We tend to label people who are different from us: 'he’s a know-it-all,' 'he’s a bore,' 'he’s weak,' 'he’s a whiner,' etc. These labels create a bigger gap between you and the other person. The reality is this: 'for me, this guy is a know-it-all,' 'for me, this guy is a bore,' etc., because that’s how you see it, considering what you value in life and what your experiences tell you. But those people we label have their best friends too.
Another reason some people don’t sit well with us or we don’t connect with them is because sometimes what bothers us so much are, at their core, behaviors we don’t like in ourselves. We can see them outwardly, but we find it hard to detect them in ourselves or we simply ignore them.

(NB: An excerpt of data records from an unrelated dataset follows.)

(* Let $X$ be a bipartite distance-regular graph of diameter $3$ on $n$ vertices. If $X$ is not a cocktail-party graph, then $\mathrm{motion}(X)\geq \frac{1}{12}n$.
   Context: A distance-regular graph is a connected graph such that for vertices $v,w$ at distance $i$ the numbers of neighbours of $w$ at distance $i-1,i,i+1$ from $v$ are constants depending only on $i$. A cocktail-party graph is a regular complete bipartite graph with one perfect matching removed. The motion of a graph is the minimum, over non-identity automorphisms, of the number of vertices not fixed. *)

theory Defs
  imports Main "HOL-Library.Extended_Nat"
begin

definition simple_graph :: "'a set \<Rightarrow> ('a \<Rightarrow> 'a \<Rightarrow> bool) \<Rightarrow> bool" where
  "simple_graph V E \<longleftrightarrow> finite V \<and> V \<noteq> {} \<and>
     (\<forall>x y. E x y \<longrightarrow> x \<in> V \<and> y \<in> V) \<and>
     (\<forall>x y. E x y \<longrightarrow> E y x) \<and> (\<forall>x. \<not> E x x)"

inductive walk :: "('a \<Rightarrow> 'a \<Rightarrow> bool) \<Rightarrow> 'a \<Rightarrow> 'a \<Rightarrow> nat \<Rightarrow> bool" for E where
  walk_nil: "walk E x x 0"
| walk_cons: "E x y \<Longrightarrow> walk E y z n \<Longrightarrow> walk E x z (Suc n)"
lemma hankel_weight_asymp:
  "(\<lambda>n. real n * (hankel_weight n m - 1 / 2^m)) \<longlonglongrightarrow> - (real m * (real m - 1) / (4 * 2^m))"
proof (induction m)
  case 0
  then show ?case by simp
next
  case (Suc m)
  define r where "r n = (real n - real m) / (2 * real n - real m)" for n
  have "r \<longlonglongrightarrow> 1/2" and "(\<lambda>n. real n * (r n - 1/2)) \<longlonglongrightarrow> - real m / 4"
    unfolding r_def by real_asymp+
  then have "(\<lambda>n. real n * (hankel_weight n m - 1/2^m) * r n + (1/2^m) * (real n * (r n - 1/2)))
      \<longlonglongrightarrow> - (real m * (real m - 1) / (4 * 2^m)) * (1/2) + (1/2^m) * (- real m / 4)"
    by (intro tendsto_intros Suc)
  also have "- (real m * (real m - 1) / (4 * 2^m)) * (1/2) + (1/2^m) * (- real m / 4)
      = - (real (Suc m) * (real (Suc m) - 1) / (4 * 2^Suc m))"
    by (simp add: field_simps)
  finally show ?case
  proof (rule Lim_transform_eventually)
    show "\<forall>\<^sub>F n in sequentially.
        real n * (hankel_weight n m - 1/2^m) * r n + (1/2^m) * (real n * (r n - 1/2))
        = real n * (hankel_weight n (Suc m) - 1/2^Suc m)"
      using eventually_gt_at_top[of m]
    proof eventually_elim
      case (elim n)
      then have "hankel_weight n (Suc m) = hankel_weight n m * r n"
        by (simp add: hankel_weight_Suc r_def)
      then show ?case
        by (simp add: algebra_simps)
    qed
  qed
qed

lemma square_le_four_pow: "real m ^ 2 \<le> 4 ^ m"
proof -
  have "real m \<le> 2 ^ m"
    by (metis less_exp less_imp_le of_nat_le_iff of_nat_numeral of_nat_power)
  then have "real m ^ 2 \<le> (2 ^ m) ^ 2"
    by (intro power_mono) auto
  also have "\<dots> = 4 ^ m"
    by (simp add: power2_eq_square flip: power_mult_distrib)
  finally show ?thesis .
qed

lemma sums_pred_mult_exp:
  fixes z :: complex
  shows "(\<lambda>m. of_nat m * (of_nat m - 1) * z ^ m / fact m) sums (z^2 * exp z)"
proof -
  let ?f = "\<lambda>m. of_nat m * (of_nat m - 1) * z ^ m / (fact m :: complex)"
  have "?f (Suc (Suc m)) = z^2 * (z ^ m /\<^sub>R fact m)" for m
  proof -
    define k :: complex where "k = of_nat (Suc (Suc m)) * of_nat (Suc m)"
    have "k \<noteq> 0"
      by (simp add: k_def del: of_nat_Suc)
    have "fact (Suc (Suc m)) = k * fact m"
      by (simp add: k_def algebra_simps)
    then have "?f (Suc (Suc m)) = k * (z^2 * z^m) / (k * fact m)"
      by (simp add: k_def algebra_simps power2_eq_square)
    also have "\<dots> = z^2 * z^m / fact m"
      using \<open>k \<noteq> 0\<close> by (rule mult_divide_mult_cancel_left)
    finally show ?thesis
      by (simp add: scaleR_conv_of_real divide_inverse)
  qed
  moreover have "(\<lambda>m. z^2 * (z ^ m /\<^sub>R fact m)) sums (z^2 * exp z)"
    by (intro sums_mult exp_converges)
  ultimately have "(\<lambda>m. ?f (Suc (Suc m))) sums (z^2 * exp z)"
    by simp
  then have "?f sums (z^2 * exp z + ?f 1 + ?f 0)"
    by (subst (asm) sums_Suc_iff, subst (asm) sums_Suc_iff) simp
  then show ?thesis
    by simp
qed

In summary, this reflection is aimed at one goal: when a person makes you feel uncomfortable because of their behavior, their way of being, or something specific, it doesn’t mean you have to feel good about it; the goal is to reduce the discomfort they generate.
How do I do this? When you encounter one of these people, ask yourself these questions: considering how they behave, what do I believe is important to this person?, what do I think their beliefs will be? These questions help us understand that each of us has an identity made up of our values and beliefs, plus the life experiences of that person, which usually remain unknown to us, shaping their behavior. By asking ourselves these questions, we are developing empathy to understand that each person carries their own 'backpack' and we don’t know what load the person in front of us carries.
Each person is as they are, and you can’t change that, but what you feel when you’re with certain people can change. Just by asking yourself: 'what might their experiences be?', 'what might be in their backpack…?' You’re likely to feel better. Do you feel like trying it?